Я еще в силах разобрать твои доводы. Ты оправдываешь жену мою, хочешь весь гнев мой обратить на Галицкого. Друг мой, жена моя не нуждается в оправдании, скажу тебе более: и Галицкий прав.
Да что же мне из этого: разве в моем положении идея о справедливости доступна до меня, разве она может получить практическое применение? Я знаю без тебя, и она права, и он прав, и я буду прав, если жестоко отомщу им обоим.
Раненый солдат с бешенством лезет на неприятельскую колонну: разве он думает о том, что может убить не того человека, который его ранил? что даже и ранивший его не виноват перед ним?
Я в отчаянии, я хочу мстить, и придет ли мне в голову подумать о результате моего отчаяния?
Да что я говорю: я хочу мстить! В том-то и дело, что у меня нет решимости даже на это злодейское намерение. А если б была решимость, у меня нет средств для мщения. Что мне делать с этим ребенком, который сам не понимает того, что он настряпал!
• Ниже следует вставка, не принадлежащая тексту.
definition decomposition_channel ::
    "(nat \<Rightarrow> real) \<Rightarrow> (real \<times> (nat \<Rightarrow> real)) list \<Rightarrow> nat \<Rightarrow> nat \<Rightarrow> real" where
  "decomposition_channel p cs x y = (if y < length cs then snd (cs ! y) x / p x else 0)"

context
  fixes n k :: nat and p :: "nat \<Rightarrow> real" and C :: real
    and cs :: "(real \<times> (nat \<Rightarrow> real)) list"
  assumes prior_pos: "\<forall>x\<in>{1..n}. 0 < p x"
    and decomposition: "column_decomposition {1..n} k p C cs"
begin

lemma decomposition_channel_feasible: "decomposition_channel p cs \<in> feasible_channels n k"
proof -
  note column = column_decomposition_nth[OF decomposition]
    and sums = column_decomposition_sums[OF decomposition]
  have "is_channel n (decomposition_channel p cs)" unfolding is_channel_def
  proof (intro ballI conjI allI)
    fix x y assume x: "x \<in> {1..n}"
    show "0 \<le> decomposition_channel p cs x y"
      using column(1) prior_pos x by (auto simp: decomposition_channel_def less_imp_le)
    have "(\<Sum>y<length cs. decomposition_channel p cs x y)
        = (\<Sum>y<length cs. snd (cs ! y) x) / p x"
      by (simp add: decomposition_channel_def sum_divide_distrib)
    also have "\<dots> = 1" using sums(1) prior_pos x by force
    finally show "((\<lambda>y. decomposition_channel p cs x y) has_sum 1) UNIV"
      by (intro has_sum_finite_neutralI[of "{..<length cs}"]) (auto simp: decomposition_channel_def)
  qed
  moreover have "card (preimage n (decomposition_channel p cs) y) \<le> k" for y
  proof (cases "y < length cs")
    case True
    then have "preimage n (decomposition_channel p cs) y = {x\<in>{1..n}. 0 < snd (cs ! y) x}"
      using prior_pos by (force simp: preimage_def decomposition_channel_def zero_less_divide_iff)
    then show ?thesis using column(2)[OF True] by simp
  qed (simp add: preimage_def decomposition_channel_def)
  ultimately show ?thesis by (simp add: feasible_channels_def)
qed

lemma posterior_vulnerability_decomposition_channel_le:
  assumes "1 \<le> n"
  shows "posterior_vulnerability n p (decomposition_channel p cs) \<le> C"
proof -
  let ?g = "max_joint_prob n p (decomposition_channel p cs)"
  have joint: "p x * decomposition_channel p cs x y = (if y < length cs then snd (cs ! y) x else 0)"
    if "x \<in> {1..n}" for x y
    using prior_pos that by (force simp: decomposition_channel_def)
  have "?g y = 0" if "y \<notin> {..<length cs}" for y
  proof -
    have "(\<lambda>x. p x * decomposition_channel p cs x y) ` {1..n} = {0}"
      using that assms by (auto simp: decomposition_channel_def)
    then show ?thesis by (simp add: max_joint_prob_def)
  qed
  then have "posterior_vulnerability n p (decomposition_channel p cs) = (\<Sum>y<length cs. ?g y)"
    unfolding posterior_vulnerability_def by (intro infsumI has_sum_finite_neutralI) auto
  also have "\<dots> \<le> (\<Sum>y<length cs. fst (cs ! y))"
    using assms column_decomposition_nth(1)[OF decomposition]
    by (intro sum_mono) (auto simp: max_joint_prob_def joint Max_le_iff)
  also have "\<dots> \<le> C" by (rule column_decomposition_sums(2)[OF decomposition])
  finally show ?thesis .
qed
Не армянин же я, чтоб похаживать с кинжалом около «злодея» и «изменницы»[54], я не обладаю тем искусством, с которым иной важный господин умеет каждую минуту терзать несчастную свою жену, заставлять ее платить годами мучений за час заблуждения, да еще заблуждения ли?
Ты говоришь, чтоб я призвал на помощь свой разум и обратил бы его против страсти. Ты советуешь мне призвать на помощь и философию, и остатки идеальных чувств, и привязанность к когда-то любимым теориям. Ты как будто забыл, что я человек, и человек влюбленный, — что доктринерствовать и строить теории легко на литературном вечере, легко в романе, а не в жизни... Призвать разум! Да против кого? Не против страсти ли? Хорошо, если бы дела шли так ровно и разум знал бы только бороться со страстью. А во мне разум борется с разумом, страсть идет против страсти, я распался на два разума, страсть моя разделилась надвое, и страшное междоусобие это не кончилось, и я не знаю, чем оно кончится.
Я могу решиться на позорное дело, несмотря на мое отвращение к злодейству, могу кончить любовь мою жалкою трагедиею, но среди всеобщей ненависти, я знаю, ты один не обвинишь меня; я раскрыл перед тобою состояние моего духа.
Я не могу отвечать и за следующий день; может быть, я явлюсь героем великодушия; — люди поглупее окрестят меня графом Монте-Кристо, пламенные юноши почтут меня новым Жаком[55], только ты один знай, что в моих поступках не может быть ни злодейства, ни великодушия...
Я слаб перед судьбою: пусть обстоятельства решают и мою, и ее, и его участь; я умываю руки; у меня нет сил действовать!
Ты кончаешь свое письмо язвительными выходками против Гименея, восхваляешь мне выгоды гордого одиночества, говоришь, что права женщин святы, что женской любви никто не предписывает законов...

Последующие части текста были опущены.